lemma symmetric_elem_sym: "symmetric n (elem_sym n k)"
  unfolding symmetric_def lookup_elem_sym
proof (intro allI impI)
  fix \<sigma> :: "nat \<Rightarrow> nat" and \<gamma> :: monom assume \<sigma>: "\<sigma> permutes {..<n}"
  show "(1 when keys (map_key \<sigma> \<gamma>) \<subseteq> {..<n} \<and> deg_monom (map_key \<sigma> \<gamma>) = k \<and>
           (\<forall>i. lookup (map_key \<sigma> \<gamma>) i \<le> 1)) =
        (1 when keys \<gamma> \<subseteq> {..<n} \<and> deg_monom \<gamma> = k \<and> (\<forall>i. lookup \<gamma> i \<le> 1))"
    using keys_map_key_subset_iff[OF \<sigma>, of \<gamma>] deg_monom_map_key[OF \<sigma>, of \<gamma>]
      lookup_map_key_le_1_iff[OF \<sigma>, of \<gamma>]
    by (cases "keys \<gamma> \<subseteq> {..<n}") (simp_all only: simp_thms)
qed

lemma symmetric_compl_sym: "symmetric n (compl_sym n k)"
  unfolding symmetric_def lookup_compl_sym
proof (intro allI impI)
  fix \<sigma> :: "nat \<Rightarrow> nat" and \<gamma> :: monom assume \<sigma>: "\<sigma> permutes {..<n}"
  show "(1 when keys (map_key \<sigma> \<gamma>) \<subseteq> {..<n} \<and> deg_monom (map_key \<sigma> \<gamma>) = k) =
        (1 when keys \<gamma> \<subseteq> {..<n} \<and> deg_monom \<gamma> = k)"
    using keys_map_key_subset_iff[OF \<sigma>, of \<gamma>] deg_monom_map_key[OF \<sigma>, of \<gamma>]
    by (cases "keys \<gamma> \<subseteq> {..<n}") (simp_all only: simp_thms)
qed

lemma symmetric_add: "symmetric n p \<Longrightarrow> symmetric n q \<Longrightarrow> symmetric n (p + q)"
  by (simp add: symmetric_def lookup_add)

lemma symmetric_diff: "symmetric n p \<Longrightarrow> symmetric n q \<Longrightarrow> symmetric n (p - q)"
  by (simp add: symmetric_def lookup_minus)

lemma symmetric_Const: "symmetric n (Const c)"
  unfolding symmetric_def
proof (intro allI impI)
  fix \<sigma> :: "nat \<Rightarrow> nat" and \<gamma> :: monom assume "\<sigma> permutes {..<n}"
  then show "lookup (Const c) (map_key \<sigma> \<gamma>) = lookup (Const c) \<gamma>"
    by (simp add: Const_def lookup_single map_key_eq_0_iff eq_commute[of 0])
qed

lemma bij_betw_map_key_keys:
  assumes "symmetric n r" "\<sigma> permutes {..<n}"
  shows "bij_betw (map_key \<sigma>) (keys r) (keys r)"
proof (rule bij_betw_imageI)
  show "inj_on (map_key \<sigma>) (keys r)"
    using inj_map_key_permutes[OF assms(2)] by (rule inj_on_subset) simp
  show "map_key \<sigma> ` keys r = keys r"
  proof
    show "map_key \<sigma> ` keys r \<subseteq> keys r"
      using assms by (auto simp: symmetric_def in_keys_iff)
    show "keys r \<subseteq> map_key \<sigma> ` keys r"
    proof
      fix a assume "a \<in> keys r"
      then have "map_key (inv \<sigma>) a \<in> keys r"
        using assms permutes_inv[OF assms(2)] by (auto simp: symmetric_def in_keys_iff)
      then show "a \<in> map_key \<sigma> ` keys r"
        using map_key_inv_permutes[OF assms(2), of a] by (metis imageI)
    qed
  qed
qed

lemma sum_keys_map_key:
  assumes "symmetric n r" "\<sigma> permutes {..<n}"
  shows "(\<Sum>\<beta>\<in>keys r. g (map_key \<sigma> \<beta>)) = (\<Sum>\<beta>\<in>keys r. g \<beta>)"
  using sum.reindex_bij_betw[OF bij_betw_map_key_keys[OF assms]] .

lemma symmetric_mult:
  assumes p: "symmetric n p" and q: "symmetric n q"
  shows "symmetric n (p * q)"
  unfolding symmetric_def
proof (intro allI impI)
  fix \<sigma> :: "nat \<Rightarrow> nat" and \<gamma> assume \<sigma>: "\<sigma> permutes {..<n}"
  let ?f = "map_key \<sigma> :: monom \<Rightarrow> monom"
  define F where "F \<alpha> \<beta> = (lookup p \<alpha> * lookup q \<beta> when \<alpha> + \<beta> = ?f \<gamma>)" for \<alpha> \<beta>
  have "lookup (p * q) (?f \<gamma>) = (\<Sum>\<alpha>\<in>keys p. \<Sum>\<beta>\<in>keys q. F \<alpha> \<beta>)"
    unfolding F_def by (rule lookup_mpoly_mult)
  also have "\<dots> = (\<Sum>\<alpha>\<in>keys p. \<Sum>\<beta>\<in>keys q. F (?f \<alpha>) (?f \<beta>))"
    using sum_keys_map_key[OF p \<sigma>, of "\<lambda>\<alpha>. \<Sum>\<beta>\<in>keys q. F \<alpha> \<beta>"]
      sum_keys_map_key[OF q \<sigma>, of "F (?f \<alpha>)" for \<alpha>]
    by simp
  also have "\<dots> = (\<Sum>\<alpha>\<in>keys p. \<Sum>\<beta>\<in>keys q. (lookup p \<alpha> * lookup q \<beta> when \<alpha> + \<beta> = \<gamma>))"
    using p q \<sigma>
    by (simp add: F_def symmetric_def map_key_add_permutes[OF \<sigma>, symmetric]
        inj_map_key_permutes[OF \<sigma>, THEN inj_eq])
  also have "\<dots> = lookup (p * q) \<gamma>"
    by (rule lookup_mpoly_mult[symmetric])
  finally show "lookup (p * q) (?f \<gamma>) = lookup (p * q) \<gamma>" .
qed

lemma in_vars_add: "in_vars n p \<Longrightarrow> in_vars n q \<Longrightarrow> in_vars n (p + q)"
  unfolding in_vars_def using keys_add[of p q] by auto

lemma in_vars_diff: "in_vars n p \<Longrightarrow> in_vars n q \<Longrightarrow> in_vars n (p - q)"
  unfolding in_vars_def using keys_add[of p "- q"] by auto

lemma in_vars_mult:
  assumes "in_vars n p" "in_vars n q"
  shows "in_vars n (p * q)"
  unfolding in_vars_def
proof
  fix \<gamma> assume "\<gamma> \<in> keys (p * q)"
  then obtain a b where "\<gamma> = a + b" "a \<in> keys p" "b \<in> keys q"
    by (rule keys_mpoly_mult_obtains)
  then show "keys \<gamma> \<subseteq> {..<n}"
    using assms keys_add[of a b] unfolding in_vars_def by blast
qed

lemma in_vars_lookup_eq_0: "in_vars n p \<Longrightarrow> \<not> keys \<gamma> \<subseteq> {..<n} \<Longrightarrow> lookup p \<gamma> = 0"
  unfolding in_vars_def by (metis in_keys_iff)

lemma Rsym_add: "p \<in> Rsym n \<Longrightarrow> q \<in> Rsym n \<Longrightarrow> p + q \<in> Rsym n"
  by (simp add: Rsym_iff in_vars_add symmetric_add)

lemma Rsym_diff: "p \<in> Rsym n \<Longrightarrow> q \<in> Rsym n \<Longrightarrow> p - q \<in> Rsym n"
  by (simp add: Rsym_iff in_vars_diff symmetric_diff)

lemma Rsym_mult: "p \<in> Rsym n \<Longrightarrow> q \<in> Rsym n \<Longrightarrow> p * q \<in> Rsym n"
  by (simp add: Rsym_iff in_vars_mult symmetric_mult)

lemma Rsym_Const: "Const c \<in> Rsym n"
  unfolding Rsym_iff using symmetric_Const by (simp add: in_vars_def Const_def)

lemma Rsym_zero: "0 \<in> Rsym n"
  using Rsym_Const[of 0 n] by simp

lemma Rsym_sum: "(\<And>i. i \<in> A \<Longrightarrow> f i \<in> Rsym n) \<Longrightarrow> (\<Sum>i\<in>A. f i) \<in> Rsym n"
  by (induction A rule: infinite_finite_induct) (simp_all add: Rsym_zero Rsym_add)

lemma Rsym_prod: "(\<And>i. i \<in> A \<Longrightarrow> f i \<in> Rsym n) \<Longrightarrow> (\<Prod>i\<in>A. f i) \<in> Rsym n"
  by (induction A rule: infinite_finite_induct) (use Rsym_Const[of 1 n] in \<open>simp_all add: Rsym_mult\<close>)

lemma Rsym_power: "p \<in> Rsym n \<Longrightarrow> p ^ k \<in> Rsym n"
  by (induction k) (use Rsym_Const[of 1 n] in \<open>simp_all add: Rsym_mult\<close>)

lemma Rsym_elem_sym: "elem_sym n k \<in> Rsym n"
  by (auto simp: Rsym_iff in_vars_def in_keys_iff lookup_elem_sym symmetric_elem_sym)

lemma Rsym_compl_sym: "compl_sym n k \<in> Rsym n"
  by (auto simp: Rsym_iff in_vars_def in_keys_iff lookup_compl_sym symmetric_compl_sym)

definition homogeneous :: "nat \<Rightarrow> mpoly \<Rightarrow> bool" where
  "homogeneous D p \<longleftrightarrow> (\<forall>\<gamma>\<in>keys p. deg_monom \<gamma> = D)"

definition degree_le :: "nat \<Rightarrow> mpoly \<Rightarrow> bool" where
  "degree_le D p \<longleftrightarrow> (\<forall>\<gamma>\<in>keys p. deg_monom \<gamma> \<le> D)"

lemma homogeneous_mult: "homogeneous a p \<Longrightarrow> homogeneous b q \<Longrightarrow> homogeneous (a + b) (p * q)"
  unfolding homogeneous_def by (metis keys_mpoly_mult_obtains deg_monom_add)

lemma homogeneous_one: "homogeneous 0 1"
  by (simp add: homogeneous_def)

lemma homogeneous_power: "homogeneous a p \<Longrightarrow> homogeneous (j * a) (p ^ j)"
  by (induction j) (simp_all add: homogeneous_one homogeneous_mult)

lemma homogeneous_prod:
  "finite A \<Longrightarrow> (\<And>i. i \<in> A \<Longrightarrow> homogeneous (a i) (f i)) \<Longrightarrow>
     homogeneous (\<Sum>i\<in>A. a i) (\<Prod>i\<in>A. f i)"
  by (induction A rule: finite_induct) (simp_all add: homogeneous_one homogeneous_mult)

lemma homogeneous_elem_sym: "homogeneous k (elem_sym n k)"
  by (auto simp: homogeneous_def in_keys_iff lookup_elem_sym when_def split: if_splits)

------------------------------------------------------------------------

Work to be completed =
The line containing "by (simp add: homogeneous_def)" opens the range, and the last line of the entries closes it; copy that range exactly.

Expected output =
  by (simp add: homogeneous_def)

lemma homogeneous_power: "homogeneous a p \<Longrightarrow> homogeneous (j * a) (p ^ j)"
  by (induction j) (simp_all add: homogeneous_one homogeneous_mult)

lemma homogeneous_prod:
  "finite A \<Longrightarrow> (\<And>i. i \<in> A \<Longrightarrow> homogeneous (a i) (f i)) \<Longrightarrow>
     homogeneous (\<Sum>i\<in>A. a i) (\<Prod>i\<in>A. f i)"
  by (induction A rule: finite_induct) (simp_all add: homogeneous_one homogeneous_mult)

lemma homogeneous_elem_sym: "homogeneous k (elem_sym n k)"
  by (auto simp: homogeneous_def in_keys_iff lookup_elem_sym when_def split: if_splits)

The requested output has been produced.